*** Block opens ***
lemma fps_cubic_lagrange_form:
  fixes a c :: "'a::field_char_0"
  assumes "a \<noteq> 0"
  defines "G \<equiv> fps_const a + fps_const c * fps_X"
  shows "(fps_X * (1 - fps_X) ^ 2 * inverse G) * (G * inverse ((1 - fps_X) ^ 2)) = fps_X"
    and "(G * inverse ((1 - fps_X) ^ 2)) $ 0 \<noteq> 0"
proof -
  have G0: "G $ 0 \<noteq> 0" using assms by (simp add: G_def)
  have "inverse G * G = 1" "(1 - fps_X) ^ 2 * inverse ((1 - fps_X :: 'a fps) ^ 2) = 1"
    using G0 by (simp_all add: inverse_mult_eq_1 inverse_mult_eq_1')
  then show "(fps_X * (1 - fps_X) ^ 2 * inverse G) * (G * inverse ((1 - fps_X) ^ 2)) = fps_X"
    by (metis (no_types, lifting) mult.assoc mult.left_commute mult_1_right)
  show "(G * inverse ((1 - fps_X) ^ 2)) $ 0 \<noteq> 0"
    using G0 by (simp add: power2_eq_square)
qed

lemma fps_cubic_solution_nth:
  fixes u :: "'a::field_char_0 fps" and a c :: 'a
  assumes u0: "u $ 0 = 0" and a: "a \<noteq> 0" and n: "n > 0"
    and cubic: "u * (1 - u) ^ 2 = fps_X * (fps_const a + fps_const c * u)"
  shows "of_nat n * u $ n
       = (\<Sum>k=1..n. c ^ (n - k) * a ^ k * of_nat (n choose k) * of_nat ((2 * n + k - 2) choose (k - 1)))"
proof -
  define G where "G = fps_const a + fps_const c * fps_X"
  have "of_nat n * u $ n = ((G * inverse ((1 - fps_X) ^ 2)) ^ n) $ (n - 1)"
    using fps_lagrange_inversion[OF fps_cubic_lagrange_form[OF a]
        fps_cubic_compose_inverse[OF u0 a cubic] n]
    by (simp add: G_def)
  also have "(G * inverse ((1 - fps_X) ^ 2)) ^ n = G ^ n * inverse ((1 - fps_X) ^ (2 * n))"
    by (simp add: power_mult_distrib fps_inverse_power flip: power_mult)
  also have "(G ^ n * inverse ((1 - fps_X) ^ (2 * n))) $ (n - 1)
      = (\<Sum>k=1..n. c ^ (n - k) * a ^ k * of_nat (n choose k) * of_nat ((2 * n + k - 2) choose (k - 1)))"
    unfolding G_def using n by (intro fps_linear_power_div_one_minus_X_power_nth) simp_all
  finally show ?thesis .
qed

lemma fps_cubic_solution_geometric_nth:
  fixes u H :: "'a::field_char_0 fps" and a c :: 'a
  assumes u0: "u $ 0 = 0" and a: "a \<noteq> 0" and n: "n > 0"
    and cubic: "u * (1 - u) ^ 2 = fps_X * (fps_const a + fps_const c * u)"
    and H: "H * (1 - u) = 1"
  shows "of_nat n * H $ n
       = (\<Sum>k=1..n. c ^ (n - k) * a ^ k * of_nat (n choose k) * of_nat ((2 * n + k) choose (k - 1)))"
proof -
  define G where "G = fps_const a + fps_const c * fps_X"
  define w where "w = fps_X * (1 - fps_X) ^ 2 * inverse G"
  have uw: "u oo w = fps_X"
    unfolding w_def G_def by (rule fps_cubic_compose_inverse[OF u0 a cubic])
  have w0: "w $ 0 = 0" by (simp add: w_def)
  have "(H oo w) * (1 - fps_X) = (H * (1 - u)) oo w"
    by (simp add: fps_compose_mult_distrib[OF w0] fps_compose_sub_distrib uw)
  then have "(H oo w) * (1 - fps_X) = 1" using H by simp
  then have Hw: "H oo w = inverse (1 - fps_X)"
    by (metis fps_inverse_unique mult.commute)
  have "of_nat n * H $ n
      = (fps_deriv (inverse (1 - fps_X)) * (G * inverse ((1 - fps_X) ^ 2)) ^ n) $ (n - 1)"
    using fps_lagrange_inversion[OF fps_cubic_lagrange_form[OF a] Hw[unfolded w_def G_def] n]
    by (simp add: G_def)
  also have "fps_deriv (inverse (1 - fps_X)) * (G * inverse ((1 - fps_X) ^ 2)) ^ n
      = G ^ n * inverse ((1 - fps_X) ^ (2 * n + 2))"
    by (simp add: fps_inverse_deriv power_mult_distrib fps_inverse_power fps_inverse_mult mult_ac
        flip: power_mult power_add)
  also have "(G ^ n * inverse ((1 - fps_X) ^ (2 * n + 2))) $ (n - 1)
      = (\<Sum>k=1..n. c ^ (n - k) * a ^ k * of_nat (n choose k) * of_nat ((2 * n + 2 + k - 2) choose (k - 1)))"
    unfolding G_def using n by (intro fps_linear_power_div_one_minus_X_power_nth) simp_all
  finally show ?thesis by simp
qed

section \<open>Forests and colored trees\<close>

definition trees_of_size :: "'a ptree set \<Rightarrow> nat \<Rightarrow> 'a ptree set" where
  "trees_of_size S n = {t \<in> S. nverts t = n}"

definition forests :: "'a ptree set \<Rightarrow> nat \<Rightarrow> 'a ptree list set" where
  "forests S n = {ts. set ts \<subseteq> S \<and> sum_list (map nverts ts) = n}"

lemma nverts_pos: "0 < nverts t"
  by (cases t) auto

lemma trees_of_size_0 [simp]: "trees_of_size S 0 = {}"
  by (simp add: trees_of_size_def nverts_pos)

lemma forests_0: "forests S 0 = {[]}"
proof -
  have "ts = []" if "sum_list (map nverts ts) = 0" for ts :: "'a ptree list"
    using that nverts_pos[of "hd ts"] by (cases ts) auto
  then show ?thesis unfolding forests_def by auto
qed

lemma forests_Suc:
  "forests S (Suc n) =
     (\<Union>k\<in>{1..Suc n}. (\<lambda>(t, ts). t # ts) ` (trees_of_size S k \<times> forests S (Suc n - k)))"
proof (intro equalityI subsetI)
  fix ts assume "ts \<in> forests S (Suc n)"
  then obtain t ts' where ts: "ts = t # ts'" "t \<in> S" "set ts' \<subseteq> S"
      "nverts t + sum_list (map nverts ts') = Suc n"
    by (cases ts) (auto simp: forests_def)
  then have "nverts t \<in> {1..Suc n}" using nverts_pos[of t] by (simp add: Suc_le_eq)
  moreover have "(t, ts') \<in> trees_of_size S (nverts t) \<times> forests S (Suc n - nverts t)"
    using ts by (auto simp: trees_of_size_def forests_def)
  ultimately show "ts \<in> (\<Union>k\<in>{1..Suc n}.
      (\<lambda>(t, ts). t # ts) ` (trees_of_size S k \<times> forests S (Suc n - k)))"
    using ts(1) by blast
qed (auto simp: trees_of_size_def forests_def)

lemma finite_forests:
  assumes "\<And>k. k \<le> n \<Longrightarrow> finite (trees_of_size S k)"
  shows "finite (forests S n)"
  using assms
proof (induction n rule: less_induct)
  case (less n)
  show ?case
  proof (cases n)
    case 0
    then show ?thesis by (simp add: forests_0)
  next
    case (Suc n')
    then show ?thesis
      using less unfolding Suc forests_Suc by auto
  qed
qed

lemma card_forests_Suc:
  assumes fin: "\<And>k. finite (trees_of_size S k)"
  shows "card (forests S (Suc n)) =
           (\<Sum>k=1..Suc n. card (trees_of_size S k) * card (forests S (Suc n - k)))"
proof -
  have "inj_on (\<lambda>(t, ts). t # ts) X" for X :: "('a ptree \<times> 'a ptree list) set"
    by (auto simp: inj_on_def)
  then show ?thesis
    unfolding forests_Suc
    by (subst card_UN_disjoint)
       (auto simp: fin finite_forests card_image card_cartesian_product, auto simp: trees_of_size_def)
qed

definition size_gf :: "'a ptree set \<Rightarrow> real fps" where
  "size_gf S = Abs_fps (\<lambda>n. real (card (trees_of_size S n)))"

definition forest_gf :: "'a ptree set \<Rightarrow> real fps" where
  "forest_gf S = Abs_fps (\<lambda>n. real (card (forests S n)))"

lemma forest_gf_times_one_minus_size_gf:
  assumes fin: "\<And>k. finite (trees_of_size S k)"
  shows "forest_gf S * (1 - size_gf S) = 1"
proof -
  have "forest_gf S = 1 + size_gf S * forest_gf S"
  proof (rule fps_ext)
    fix n
    show "forest_gf S $ n = (1 + size_gf S * forest_gf S) $ n"
    proof (cases n)
      case 0
      then show ?thesis by (simp add: forest_gf_def size_gf_def forests_0)
    next
      case (Suc n')
      have "(size_gf S * forest_gf S) $ Suc n'
          = (\<Sum>k=1..Suc n'. size_gf S $ k * forest_gf S $ (Suc n' - k))"
        by (simp add: fps_mult_nth sum.atLeast_Suc_atMost size_gf_def)
      also have "\<dots> = forest_gf S $ Suc n'"
        by (simp add: card_forests_Suc[OF fin] forest_gf_def size_gf_def)
      finally show ?thesis using Suc by simp
    qed
  qed
  then show ?thesis by (simp add: algebra_simps)
qed

definition colored_trees :: "nat \<Rightarrow> (nat \<Rightarrow> nat \<Rightarrow> bool) \<Rightarrow> nat set \<Rightarrow> nat ptree set" where
  "colored_trees N A C = {t. A_colored N A t \<and> root_label t \<in> C}"

lemma root_label_colored: "A_colored N A t \<Longrightarrow> root_label t \<in> {1..N}"
  by (cases t) auto

lemma colored_trees_Int_colors: "colored_trees N A (C \<inter> {1..N}) = colored_trees N A C"
  using root_label_colored by (fastforce simp: colored_trees_def)

lemma t_A_root_eq_card: "t_A_root N A c n = card (trees_of_size (colored_trees N A {c}) n)"
  by (simp add: t_A_root_def trees_of_size_def colored_trees_def conj_assoc)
*** Block closes ***
_Exercise_:
Whenever a line in the data holds "definition", copy that line.

_Exercise response_:
definition trees_of_size :: "'a ptree set \<Rightarrow> nat \<Rightarrow> 'a ptree set" where
definition forests :: "'a ptree set \<Rightarrow> nat \<Rightarrow> 'a ptree list set" where
definition size_gf :: "'a ptree set \<Rightarrow> real fps" where
definition forest_gf :: "'a ptree set \<Rightarrow> real fps" where
definition colored_trees :: "nat \<Rightarrow> (nat \<Rightarrow> nat \<Rightarrow> bool) \<Rightarrow> nat set \<Rightarrow> nat ptree set" where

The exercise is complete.